Did it just come on out of nowhere, this illness? Seemingly. But there’s always more to people’s health stories than they let on. Yet, it’s nothing I’m not capable of myself. I mean, repressing emotions. Getting some stuff wrong. Being hot-headed. Isolating. Whatever—as I see it—internal switch he threw too many times, making his body say, enough!
I was saying about the water[1]. It is a nice lake after all, that the Lodge is on, though I came to resent the place. Out there, we troll under the rusty railroad bridge at Prescott, and there’s a spot further up where we saw a bald eagle hassling an osprey over territory, that territory being the upper boughs right along the riverbank. We’ve waded to islets and peed into sandy backwoods. We’ve raced over the dark water at night, wind whipping, nothing to say, but sharing a glance at our glances to the treeline, the setting sun, the pink cloud, the cerulean blue sky.

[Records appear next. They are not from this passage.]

lemma legal_run_chips_right_persist:
  assumes run: "legal_run t N moves cs" and m: "m < n" "n \<le> length moves"
  shows "0 < chips_right N (cs ! n) (fst (moves ! m))"
  using m
proof (induction n)
  case 0
  then show ?case by simp
next
  case (Suc n)
  have f: "fire t N (cs ! n) (fst (moves ! n)) (snd (moves ! n)) (cs ! Suc n)"
    using legal_run_fire[OF run] Suc.prems by simp
  show ?case
  proof (cases "m = n")
    case True
    then show ?thesis
      using fire_chips_right(1)[OF f] ew_pos[of t "fst (moves ! n)"] by simp
  next
    case False
    then show ?thesis
      using Suc fire_keeps_chips_right_pos[OF f] by simp
  qed
qed

lemma legal_run_refire_moves_largest_right:
  assumes run: "legal_run t (2 ^ (t + 2)) moves cs" and k: "0 \<le> k" "k \<le> int t"
    and fired: "m < n" "fst (moves ! m) = k" and n: "n < length moves" "fst (moves ! n) = k"
    and i: "2 ^ (t + 2) - 2 ^ nat (int t - k) \<le> i" "i < 2 ^ (t + 2)"
  shows "k < (cs ! Suc n) i"
proof -
  obtain g where "crossing_levels t (cs ! n) g" "largest_chips_right t (cs ! n)"
    using legal_run_invariants[OF run] n(1) by (meson less_imp_le)
  moreover have "0 < chips_right (2 ^ (t + 2)) (cs ! n) k"
    using legal_run_chips_right_persist[OF run fired(1)] fired(2) n(1) by simp
  moreover have "fire t (2 ^ (t + 2)) (cs ! n) k (snd (moves ! n)) (cs ! Suc n)"
    using legal_run_fire[OF run n(1)] n(2) by simp
  ultimately show ?thesis
    using refire_moves_largest_right k i ew_inner[OF k] by simp
qed
(* Let $n,d\ge0$ and $k>0$ be integers. Let $\lambda$ be a partition with $\lambda_1\le d$ and $\ell(\lambda)\le k$. Let $\alpha$ be a partition with $\alpha_{n+1}\le n+d$ such that $\tau_{2k}(\alpha)$ is defined and equals $\lambda$, and let $w$ be a finite permutation of the positive integers such that $w\bullet\alpha^\dagger=(\beta_1,\dots,\beta_{n+d},\gamma_1,\gamma_2,\dots)$ with $\beta_1\ge\cdots\ge\beta_{n+d}$ and $n\ge\gamma_1\ge\gamma_2\ge\cdots\ge0$. Then $|\gamma|\le\iota_{2k}(\alpha)+\ell(w)$. Moreover, if $|\gamma|=\iota_{2k}(\alpha)+\ell(w)$, then $\iota_{2k}(\alpha)=0$ and $\alpha^\dagger=\lambda^\dagger=(\beta_1,\dots,\beta_d)$, and $w\bullet\alpha^\dagger=(\lambda^\dagger_1,\dots,\lambda^\dagger_d,-\gamma^\dagger_n,\dots,-\gamma^\dagger_1,\gamma_1,\gamma_2,\dots)$ where $|\gamma|=\ell(w)$.
   Context: Partitions are identified with infinite weakly decreasing sequences of nonnegative integers, eventually $0$; $\lambda^\dagger$ is the transpose partition, $\ell(\lambda)$ the number of nonzero parts, $|\gamma|=\sum_i\gamma_i$. For a finite permutation $w$ and a sequence $a$, $w(a)_i=a_{w^{-1}(i)}$; with $\rho=(-1,-2,-3,\dots)$, $w\bullet a=w(a+\rho)-\rho$; $\ell(w)=\#\{i<j: w(i)>w(j)\}$. A border strip is a connected skew Young diagram containing no $2\times2$ square; $c(R)$ is the number of columns a border strip $R$ occupies. Type C modification rule (quantities $\iota_{2k}=\iota^{\mathrm C}_{2k}$ and $\tau_{2k}=\tau^{\mathrm C}_{2k}$): if $\ell(\lambda)\le k$, put $\iota_{2k}(\lambda)=0$, $\tau_{2k}(\lambda)=\lambda$. If $\ell(\lambda)>k$, let $R_\lambda$ be the border strip of length $2\ell(\lambda)-2k-2$ consisting of the first that many boxes of the rim of $\lambda$ (boxes $(i,j)\in\lambda$ with $(i+1,j+1)\notin\lambda$), traversed starting from the first box (row $\ell(\lambda)$, column $1$) of the final row, if it exists. If $R_\lambda$ exists, is nonempty, and $\lambda\setminus R_\lambda$ is a partition, put $\iota_{2k}(\lambda)=c(R_\lambda)+\iota_{2k}(\lambda\setminus R_\lambda)$ and $\tau_{2k}(\lambda)=\tau_{2k}(\lambda\setminus R_\lambda)$; otherwise $\iota_{2k}(\lambda)=\infty$ and $\tau_{2k}(\lambda)$ is undefined. *)

theory Defs
  imports Main "HOL-Library.Extended_Nat"
begin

In this, and other moments, he’s just a good guy who suffered a lot and had a hell of a scare, and is grabbing on to everything he can. You might be wondering what I mean by that, so it requires explaining (see dictionary: exonerated) that the reason the plumber passed the window is because that’s where the new drainpipe emerged from the house. See, Rodney only rerouted the plumbing to save money on what he perceived would be more frequent bills to have the septic tank pumped. Crazy, right? Because of the frequency of showers with large parties staying on the premises regularly, year-round.
So grabbing, greedily, like when a child has his sucker taken away. That’s what it looked liked. It’s probably fright. That’s a speculation, yes. But some of the things he loved doing I also loved doing, and I cannot imagine, for example, the loss I’d feel if I couldn’t play tennis the way I’m accustomed to playing. By which I just mean, what it does for my mental and spiritual health. Same with riding my bike. And cycling, by the way, is one of those things that I got into mostly because my big brother was into it. There was an affectionate, admiring quality to it, when I took it on, after college. But soon it became my own, commuting to jobs on a 14-pound mountain bike, etc. Or, perhaps, because riding bikes was something Rodney and I had done together as boys, back when we were 20, 22 (lifetimes ago, in COVID years) we could converse about our pursuits of pleasurable, interesting rides, and the quest to get lost and crack some puzzle about county highways. Anyway, I digress.
It’s all about the forgiveness. If he wants to be grateful in the direction of Jesus, that’s his right. Lend him bend iron however he wants.
[1] This morning my basement was watery to 14 inches, a new record. I have a nice data set of measurements of water depth, and corresponding dates. Now the good news is that since I’ve been in this house starting in 2016, there has been standing water in this basement 3 times. It’s presently 2021, so that’s 5 years, so not quite once per year. However, we can easily anticipate that these types of storms will be more frequent in the immediate future. Thanks for indulging this highly unspecific analysis in the realm of climatology. This footnote is dedicated to the memory of David Foster Wallace.